— Через три дня ко мне, — сказал.
— А может, не приходить уже... — словно бы попросил Михаил. — Чего болтаться-то здоровому?
— Хм... — Насонов поглядел на Михаила так, что тому сделалось неловко. — Вы, Свешнев, мужественный человек, но, извините, невежественный...
— Да спина не болит, вот и...
— Не болит? — Насонов навалился на стол, руки протянул по столу, точно показывая их Михаилу, и тот увидел вблизи прозрачные розовые ногти, припухлые суставы пальцев с пушком и невольно сложил в комок на коленях свои коричневые руки-оковалки. — Не болит, — повторил Насонов. — Пот, грязь, баня — и обеспечен свищ! И все начнется сначала... — Вышел из-за стола, сел напротив, уставился вплотную. — Не сердитесь, — предупредил. — Я врач... Не из-за праздного любопытства... Азоркин почти не потерял крови. Как вам удалось?
— Да вот так. — Михаил свел пальцы, не дожимая их в кулак. — У меня по-другому времени не было.
— Да, да. — Насонов поглядел на его руку. — Обычная рука. Вовсе обычная. Чаще бывают крупнее... А знаешь, ты его дважды спас!

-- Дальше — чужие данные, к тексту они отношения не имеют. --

lemma PR_PTC: "PR 2 (\<lambda>xs. PTC M (xs ! 0) (xs ! 1))"
proof (rule PR.ext[OF PR_PTC_sampler], intro allI impI)
  fix xs :: "nat list" assume "length xs = 2"
  then obtain x y where "xs = [x, y]"
    by (cases xs; cases "tl xs") (auto simp: numeral_2_eq_2)
  then show "PTC M (xs ! 0) (xs ! 1) = PTC_sampler M xs" by (simp add: PTC_sampler_PTC)
qed

lemma PR_CF: "PR 1 (\<lambda>xs. CF M (hd xs))"
proof -
  have "PR (1 + 1) (\<lambda>xs. PTC M (xs ! 0) (xs ! 1))" using PR_PTC by (simp only: one_add_one)
  then have "PR 1 (mu_pf (\<lambda>xs. PTC M (xs ! 0) (xs ! 1)))" by (rule PR.mini)
  then show ?thesis
  proof (rule PR.ext, intro allI impI)
    fix xs :: "nat list" assume "length xs = 1"
    then obtain x where "xs = [x]" by (cases xs) auto
    then show "CF M (hd xs) = mu_pf (\<lambda>xs. PTC M (xs ! 0) (xs ! 1)) xs" by (simp add: CF_eq_mu_PTC)
  qed
qed

end

lemma tm_code_exists: "\<exists>(cq :: 'q::finite \<Rightarrow> nat) (cs :: 's::finite \<Rightarrow> nat) Q B. tm_code cq cs Q B"
proof -
  obtain f :: "'q \<Rightarrow> nat" and n where f: "f ` UNIV = {i. i < n}" "inj f"
    using finite_imp_inj_to_nat_seg[of "UNIV :: 'q set"] by auto
  obtain g :: "'s \<Rightarrow> nat" and m where g: "g ` UNIV = {i. i < m}" "inj g"
    using finite_imp_inj_to_nat_seg[of "UNIV :: 's set"] by auto
  have "tm_code f (\<lambda>a. Suc (g a)) n (Suc m)"
    using f g by unfold_locales (auto simp: inj_on_def)
  then show ?thesis by blast
qed

theorem mainTheorem11:
  fixes M :: "('q::finite, 's::finite) ptm"
  assumes "is_ptm M"
  shows "CF M = (\<lambda>x. mu_pf (\<lambda>xs. PTC M (xs ! 0) (xs ! 1)) [x])
         \<and> PR 1 (\<lambda>xs. CF M (hd xs))"
proof
  show "CF M = (\<lambda>x. mu_pf (\<lambda>xs. PTC M (xs ! 0) (xs ! 1)) [x])"
    by (rule HOL.ext) (rule CF_eq_mu_PTC)
  obtain cq :: "'q \<Rightarrow> nat" and cs :: "'s \<Rightarrow> nat" and Q B where "tm_code cq cs Q B"
    using tm_code_exists by blast
  then show "PR 1 (\<lambda>xs. CF M (hd xs))" by (rule tm_code.PR_CF)
qed

end
lemma double_transpose_mate_commute:
  assumes "x \<in> V" "y \<in> V" "y \<noteq> x" "y \<noteq> mate x" "z \<in> V"
  shows "(transpose x y \<circ> transpose (mate x) (mate y)) (mate z)
    = mate ((transpose x y \<circ> transpose (mate x) (mate y)) z)"
  using assms mate_neq by (auto simp: transpose_def mate_eq_iff mate_inj_iff)

lemma matching_autD:
  assumes "matching_aut s" "x \<in> V"
  shows "s x \<in> V" "s (mate x) = mate (s x)" "y \<in> V \<Longrightarrow> s x = s y \<longleftrightarrow> x = y"
proof -
  have bij: "bij_betw s V V" using assms(1) unfolding matching_aut_def graph_aut_def by simp
  show "s x \<in> V" using bij_betw_apply[OF bij assms(2)] .
  show "y \<in> V \<Longrightarrow> s x = s y \<longleftrightarrow> x = y"
    using inj_on_eq_iff[OF bij_betw_imp_inj_on[OF bij] assms(2)] .
  show "s (mate x) = mate (s x)" using assms unfolding matching_aut_def by simp
qed

definition rewire :: "nat \<Rightarrow> nat \<Rightarrow> graph" where
  "rewire a b = (V, insert {a, mate a} (snd (graph_minus K M) - {{a, b}}))"

context
  fixes a b :: nat
  assumes a: "a \<in> V" and b: "b \<in> V" and ab: "{a, b} \<in> snd (graph_minus K M)"
    and transpose_aut: "graph_aut K (transpose a (mate b))"
begin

— Хватит с меня и одного раза, — помрачнел Михаил. — Вот так хватит, — провел ребром ладони по горлу.
— Погоди, — отмахнулся Насонов, не вникая в смысл сказанных Михаилом слов. — Ты думаешь, Азоркин жив бы остался, если бы ты просто вынес его из-под завала?..
— Кто его знает, я об этом не думал.
— Нет, Михаил Семенович, ты думал. Ты об этом всю жизнь думал. Так ведь не бывает: раз — и подвиг. Для этого редко какое сердце созревает.
— Да что теперь об этом...
— Что?.. На таких, как ты, совесть держится. Я хирург, и со стажем. Порезал на своем веку, покромсал, но к страданиям других не привык. И не дай бог, если привыкну, хотя эмоции и в моей профессии, как и в твоей, далеко не на пользу, и все равно — не дай бог!..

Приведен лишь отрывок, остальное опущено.